Investors should closely observe the price action and how the stock behaves at the next support and resistance levels, and how an eventual attempt to break under its support is confirmed or rejected, by particularly observing the trading volume in both directions and the relative strength. The stock could continue by forming an extended downtrend and overcoming its low set on June 16, which would lead the stock to price levels not seen since the pandemic lows. If the stock instead rebounds, the next important resistance levels are set by its EMA50, the EMA100, and the ceiling of the trend channel. As the stock just made a gap down, I would put particular attention to the next sessions, and keep my stop-loss tight, to avoid being caught in a continuation of the downtrend.
The bottom line
Technical analysis is not an absolute instrument, but a way to increase investors’ success probabilities and a tool allowing them to be oriented in whatever security. One would not drive towards an unknown destination without consulting a map or using a GPS. I believe the same should be true when making investment decisions. I consider techniques based on the Elliott Wave Theory, as well as likely outcomes based on Fibonacci’s principles, by confirming the likelihood of an outcome contingent on time-based probabilities.
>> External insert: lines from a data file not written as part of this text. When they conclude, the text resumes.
(* Let $R$ be a commutative Noetherian ring with unity such that $\Gamma_E(R)$ has more than three vertices. Then no associated prime of $R$ is a leaf of $\Gamma_E(R)$; that is, if $y\in R$ and $\operatorname{ann}(y)$ is a prime ideal, then $\deg[y]\neq 1$.
   Context: For $x,y\in R$ write $x\sim y$ iff $\operatorname{ann}(x)=\operatorname{ann}(y)$; $[x]$ denotes the equivalence class of $x$. Let $Z^*(R)$ be the set of nonzero zero divisors of $R$. The graph $\Gamma_E(R)$ is the simple graph whose vertices are the classes $[x]$ with $x\in Z^*(R)$, two distinct vertices $[x],[y]$ being adjacent iff $xy=0$. An associated prime $\operatorname{ann}(y)$ is identified with the vertex $[y]$. A leaf is a vertex of degree $1$. *)

theory Defs
  imports "HOL-Algebra.Ring_Divisibility" "HOL-Algebra.Ideal"
begin

definition ann :: "('a, 'b) ring_scheme \<Rightarrow> 'a \<Rightarrow> 'a set" where
  "ann R x = {a \<in> carrier R. a \<otimes>\<^bsub>R\<^esub> x = \<zero>\<^bsub>R\<^esub>}"

definition zdiv_star :: "('a, 'b) ring_scheme \<Rightarrow> 'a set" where
  "zdiv_star R = {x \<in> carrier R. x \<noteq> \<zero>\<^bsub>R\<^esub> \<and>
      (\<exists>z \<in> carrier R. z \<noteq> \<zero>\<^bsub>R\<^esub> \<and> x \<otimes>\<^bsub>R\<^esub> z = \<zero>\<^bsub>R\<^esub>)}"

definition eclass :: "('a, 'b) ring_scheme \<Rightarrow> 'a \<Rightarrow> 'a set" where
  "eclass R x = {z \<in> carrier R. ann R z = ann R x}"

definition GE_vertices :: "('a, 'b) ring_scheme \<Rightarrow> 'a set set" where
  "GE_vertices R = eclass R ` zdiv_star R"

definition GE_adj :: "('a, 'b) ring_scheme \<Rightarrow> 'a set \<Rightarrow> 'a set \<Rightarrow> bool" where
  "GE_adj R A B \<longleftrightarrow> A \<in> GE_vertices R \<and> B \<in> GE_vertices R \<and> A \<noteq> B \<and>
      (\<exists>x \<in> A. \<exists>y \<in> B. x \<otimes>\<^bsub>R\<^esub> y = \<zero>\<^bsub>R\<^esub>)"

text \<open>Degree of a vertex (card of the neighbourhood; 0 if infinite, so degree 1 means exactly one neighbour).\<close>
definition GE_degree :: "('a, 'b) ring_scheme \<Rightarrow> 'a set \<Rightarrow> nat" where
  "GE_degree R A = card {B. GE_adj R A B}"

end

theory Submission
  imports Defs
begin

text \<open>Suppose the class of \<open>y\<close>, with \<open>P = ann(y)\<close> prime, has \<open>[x]\<close> as its only neighbour.
  A nonzero \<open>z \<in> P\<close> is adjacent to \<open>[y]\<close> or equal to it, so \<open>ann(z)\<close> is \<open>P\<close> or \<open>ann(x)\<close>.
  If \<open>w \<notin> P\<close> and \<open>a w = 0\<close> with \<open>a \<noteq> 0\<close>, primality puts \<open>a\<close> into \<open>P\<close> while \<open>w \<in> ann(a) - P\<close>,
  hence \<open>ann(a) = ann(x)\<close>; in particular every such zero divisor \<open>w\<close> lies in \<open>ann(x)\<close>.
  Consequently any two zero divisors outside \<open>P\<close> have the same annihilator, and the graph
  has at most the three vertices \<open>[y]\<close>, \<open>[x]\<close> and one further class.\<close>

lemma mem_ann_iff: "a \<in> ann R b \<longleftrightarrow> a \<in> carrier R \<and> a \<otimes>\<^bsub>R\<^esub> b = \<zero>\<^bsub>R\<^esub>"
  unfolding ann_def by auto

lemma eclass_eq_iff:
  assumes "z \<in> carrier R" "x \<in> carrier R"
  shows "eclass R z = eclass R x \<longleftrightarrow> ann R z = ann R x"
  using assms unfolding eclass_def by auto

lemma mem_eclass_iff: "a \<in> eclass R y \<longleftrightarrow> a \<in> carrier R \<and> ann R a = ann R y"
  unfolding eclass_def by auto

lemma (in cring) mem_ann_commute:
  assumes "a \<in> carrier R" "b \<in> carrier R"
  shows "a \<in> ann R b \<longleftrightarrow> b \<in> ann R a"
  using assms m_comm by (auto simp: mem_ann_iff)

lemma (in cring) GE_adj_eclassI:
  assumes "y \<in> carrier R" "z \<in> carrier R" "y \<noteq> \<zero>" "z \<noteq> \<zero>" "y \<otimes> z = \<zero>"
    and "ann R y \<noteq> ann R z"
  shows "GE_adj R (eclass R y) (eclass R z)"
proof -
  have "y \<in> zdiv_star R" "z \<in> zdiv_star R"
    using assms m_comm unfolding zdiv_star_def by auto
  then show ?thesis
    using assms eclass_eq_iff[of y R z]
    unfolding GE_adj_def GE_vertices_def by (auto simp: mem_eclass_iff)
qed

context
  fixes R (structure) and x y
  assumes cring: "cring R"
    and x_carrier: "x \<in> carrier R" and y_carrier: "y \<in> carrier R" and y_nonzero: "y \<noteq> \<zero>"
    and only_neighbour: "{B. GE_adj R (eclass R y) B} = {eclass R x}"
begin

interpretation cring R by (fact cring)

lemma ann_of_mem_ann_leaf:
  assumes "z \<in> ann R y" "z \<noteq> \<zero>"
  shows "ann R z = ann R y \<or> ann R z = ann R x"
proof (cases "ann R z = ann R y")
  case False
  have "z \<in> carrier R" "y \<otimes> z = \<zero>"
    using assms y_carrier m_comm by (auto simp: mem_ann_iff)
  with False y_carrier y_nonzero assms(2)
  have "GE_adj R (eclass R y) (eclass R z)"
    by (intro GE_adj_eclassI) auto
  then have "eclass R z = eclass R x" using only_neighbour by auto
  then show ?thesis
    using eclass_eq_iff[OF \<open>z \<in> carrier R\<close> x_carrier] by simp
qed simp

lemma GE_vertices_subset_leaf_cover:
  "GE_vertices R \<subseteq> {eclass R x, eclass R y} \<union> eclass R ` {w \<in> zdiv_star R. w \<notin> ann R y}"
proof
  fix V assume "V \<in> GE_vertices R"
  then obtain w where w: "w \<in> zdiv_star R" "V = eclass R w" unfolding GE_vertices_def by auto
  then have w_carrier: "w \<in> carrier R" and "w \<noteq> \<zero>" unfolding zdiv_star_def by auto
  show "V \<in> {eclass R x, eclass R y} \<union> eclass R ` {w \<in> zdiv_star R. w \<notin> ann R y}"
  proof (cases "w \<in> ann R y")
    case True
    then have "ann R w = ann R y \<or> ann R w = ann R x"
      using ann_of_mem_ann_leaf \<open>w \<noteq> \<zero>\<close> by blast
    then show ?thesis
      using w(2) eclass_eq_iff[OF w_carrier x_carrier] eclass_eq_iff[OF w_carrier y_carrier] by auto
  next
    case False
    then show ?thesis using w by auto
  qed
qed

context
  assumes prime_ann: "primeideal (ann R y) R"
begin

interpretation P: primeideal "ann R y" R by (fact prime_ann)

lemma ann_eq_neighbour_of_annihilates_outside:
  assumes "w \<in> carrier R" "w \<notin> ann R y" "a \<in> ann R w" "a \<noteq> \<zero>"
  shows "ann R a = ann R x"
proof -
  have a: "a \<in> carrier R" "a \<otimes> w = \<zero>" using assms(3) by (auto simp: mem_ann_iff)
  then have "a \<otimes> w \<in> ann R y" using y_carrier by (simp add: mem_ann_iff)
  then have "a \<in> ann R y" using P.I_prime[OF a(1) assms(1)] assms(2) by blast
  moreover have "ann R a \<noteq> ann R y"
    using assms(2,3) mem_ann_commute[OF assms(1) a(1)] by auto
  ultimately show ?thesis using ann_of_mem_ann_leaf assms(4) by blast
qed

lemma zdiv_star_outside_mem_ann_neighbour:
  assumes "w \<in> zdiv_star R" "w \<notin> ann R y"
  shows "w \<in> ann R x"
proof -
  obtain c where c: "c \<in> carrier R" "c \<noteq> \<zero>" "w \<otimes> c = \<zero>" and w: "w \<in> carrier R"
    using assms(1) unfolding zdiv_star_def by auto
  then have "c \<in> ann R w" "w \<in> ann R c" using m_comm by (auto simp: mem_ann_iff)
  with ann_eq_neighbour_of_annihilates_outside[OF w assms(2)] c(2) show ?thesis by simp
qed

lemma ann_subset_of_outside:
  assumes "w \<in> carrier R" "w \<notin> ann R y" "w' \<in> zdiv_star R" "w' \<notin> ann R y"
  shows "ann R w \<subseteq> ann R w'"
proof
  fix t assume t: "t \<in> ann R w"
  have w'_carrier: "w' \<in> carrier R" using assms(3) unfolding zdiv_star_def by blast
  have "t \<in> carrier R" using t by (simp add: mem_ann_iff)
  show "t \<in> ann R w'"
  proof (cases "t = \<zero>")
    case True
    then show ?thesis using w'_carrier by (simp add: mem_ann_iff)
  next
    case False
    then have "ann R t = ann R x"
      using ann_eq_neighbour_of_annihilates_outside[OF assms(1,2) t] by blast
    then have "w' \<in> ann R t" using zdiv_star_outside_mem_ann_neighbour[OF assms(3,4)] by simp
    then show ?thesis using mem_ann_commute[OF \<open>t \<in> carrier R\<close> w'_carrier] by simp
  qed
qed

lemma GE_vertices_leaf_bound: "finite (GE_vertices R) \<and> card (GE_vertices R) \<le> 3"
proof -
  define Others where "Others = eclass R ` {w \<in> zdiv_star R. w \<notin> ann R y}"
  have Others_subsingleton: "V = V'" if V: "V \<in> Others" and V': "V' \<in> Others" for V V'
  proof -
    obtain w where "V = eclass R w" and w: "w \<in> zdiv_star R" "w \<notin> ann R y"
      using V unfolding Others_def by blast
    moreover obtain w' where "V' = eclass R w'" and w': "w' \<in> zdiv_star R" "w' \<notin> ann R y"
      using V' unfolding Others_def by blast
    moreover have "w \<in> carrier R" "w' \<in> carrier R" using w w' unfolding zdiv_star_def by auto
    ultimately show ?thesis
      using ann_subset_of_outside[of w w'] ann_subset_of_outside[of w' w] eclass_eq_iff[of w R w']
      unfolding zdiv_star_def by auto
  qed
  have "Others = {} \<or> (\<exists>V. Others = {V})" using Others_subsingleton by blast
  then have "finite Others" "card Others \<le> 1" by auto
  then have "finite ({eclass R x, eclass R y} \<union> Others)" by simp
  then have "finite (GE_vertices R)" "card (GE_vertices R) \<le> card ({eclass R x, eclass R y} \<union> Others)"
    using GE_vertices_subset_leaf_cover unfolding Others_def[symmetric]
    by (auto intro: finite_subset card_mono)
  moreover have "card {eclass R x, eclass R y} \<le> 2" by (simp add: card_insert_if)
  then have "card ({eclass R x, eclass R y} \<union> Others) \<le> 3"
    using card_Un_le[of "{eclass R x, eclass R y}" Others] \<open>card Others \<le> 1\<close> by linarith
  ultimately show ?thesis by simp
qed

end

end

theorem proposition3p2:
  fixes R :: "('a, 'b) ring_scheme" and y :: 'a
  assumes "cring R" and "noetherian_ring R"
    and "infinite (GE_vertices R) \<or> card (GE_vertices R) > 3"
    and "y \<in> carrier R" and "primeideal (ann R y) R"
  shows "GE_degree R (eclass R y) \<noteq> 1"
proof
  interpret cring R by fact
  assume "GE_degree R (eclass R y) = 1"
  then obtain B where B: "{B. GE_adj R (eclass R y) B} = {B}"
    unfolding GE_degree_def by (meson card_1_singletonE)
  then have "B \<in> GE_vertices R" unfolding GE_adj_def by auto
  then obtain x where x: "x \<in> carrier R" "B = eclass R x"
    unfolding GE_vertices_def zdiv_star_def by auto
  have "y \<noteq> \<zero>\<^bsub>R\<^esub>"
    using primeideal.I_notcarr[OF assms(5)] by (auto simp: ann_def)
  then have "finite (GE_vertices R) \<and> card (GE_vertices R) \<le> 3"
    using GE_vertices_leaf_bound[OF assms(1) x(1) assms(4) _ _ assms(5)] B x(2) by blast
  with assms(3) show False by auto
qed

end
The purpose of my technical analysis is to confirm or reject an entry point in the stock, by observing its sector and industry, and most of all its price action. I then analyze the situation of that stock and calculate likely outcomes based on the mentioned theories.
As described in my former article, Intuitive Surgical has greatly outperformed the market and its most important competitors in the past years, but its stock has recently severely corrected, and despite bottoming on June 16, the stock is likely heading for more weakness as it is technically. in a very unfavorable situation. While ISRG has shown to be able to quickly retrace from its losses, any breakout attempt was rejected until now, and stronger sell-side volume and negative momentum are building up.
Although a rebound could be possible leading up to the upcoming Q3 earnings release, the stock faces significant overhead resistance, as it would have to overcome not only all its most important trailing averages but also other significant retracement levels and the trend-channel, which has been a major resistance. The next sessions will give more clarity on the stock’s direction, as the downtrend could further be confirmed, by attempting to reach the low set in June, and further lead the stock to price levels between $170 and $181, or in the worst scenario, around $161. Although the stock could attempt to form a bottom as it is also fundamentally fairly priced, the downside risk still outweighs the upside potential, and I continue to qualify the stock as a hold position and would certainly closely manage the risk of more weakness.